== Your goal ==
Reproduce all of the data that follows, character for character.

== Excerpted data ==
(* Let $d\ge2$, $0<\lambda<\frac12$, and let $X$ be a $d$-dimensional $(d+1)$-partite weighted simplicial complex. Suppose every link of $X$ (including $X$ itself) has a connected underlying graph, and for every $s\in X(d-2)$ the link $X_s$ (a bipartite graph between its two remaining colors) is a $\frac{\lambda}{(d-1)\lambda+1}$-bipartite expander. Then for every face $s\in X$ (including $s=\emptyset$) and every two distinct colors $i,j\notin\mathrm{col}(s)$, the bipartite graph between $X_s[i]$ and $X_s[j]$ is a $\lambda$-bipartite expander.
   Context: **Weighted complex and links.** $X(k)$ denotes the faces of size $k+1$, weighted by a distribution on $d$-faces (choose a $d$-face, then a uniform chain of subfaces). The link of $s$ is $X_s=\{u\setminus s:s\subseteq u\in X\}$ with conditional measure. **Partite complexes and colors.** $X$ is $(d+1)$-partite if $X(0)=V_0\sqcup\dots\sqcup V_d$ and each $d$-face has exactly one vertex in each $V_i$. $\mathrm{col}(s)=\{i:s\cap V_i\neq\emptyset\}$, and $X_s[i]$ is the set of color-$i$ vertices of the link $X_s$. **Bipartite expansion.** A weighted bipartite graph is a $\mu$-bipartite expander if $\sup\{\langle Bf,g\rangle:\|f\|=\|g\|=1,\ f\perp\text{constants}\}\le\mu$ for its averaging operator $B$. *)

theory Defs
  imports "HOL-Analysis.Analysis"
begin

== Your solution ==
(* Let $d\ge2$, $0<\lambda<\frac12$, and let $X$ be a $d$-dimensional $(d+1)$-partite weighted simplicial complex. Suppose every link of $X$ (including $X$ itself) has a connected underlying graph, and for every $s\in X(d-2)$ the link $X_s$ (a bipartite graph between its two remaining colors) is a $\frac{\lambda}{(d-1)\lambda+1}$-bipartite expander. Then for every face $s\in X$ (including $s=\emptyset$) and every two distinct colors $i,j\notin\mathrm{col}(s)$, the bipartite graph between $X_s[i]$ and $X_s[j]$ is a $\lambda$-bipartite expander.
   Context: **Weighted complex and links.** $X(k)$ denotes the faces of size $k+1$, weighted by a distribution on $d$-faces (choose a $d$-face, then a uniform chain of subfaces). The link of $s$ is $X_s=\{u\setminus s:s\subseteq u\in X\}$ with conditional measure. **Partite complexes and colors.** $X$ is $(d+1)$-partite if $X(0)=V_0\sqcup\dots\sqcup V_d$ and each $d$-face has exactly one vertex in each $V_i$. $\mathrm{col}(s)=\{i:s\cap V_i\neq\emptyset\}$, and $X_s[i]$ is the set of color-$i$ vertices of the link $X_s$. **Bipartite expansion.** A weighted bipartite graph is a $\mu$-bipartite expander if $\sup\{\langle Bf,g\rangle:\|f\|=\|g\|=1,\ f\perp\text{constants}\}\le\mu$ for its averaging operator $B$. *)

theory Defs
  imports "HOL-Analysis.Analysis"
begin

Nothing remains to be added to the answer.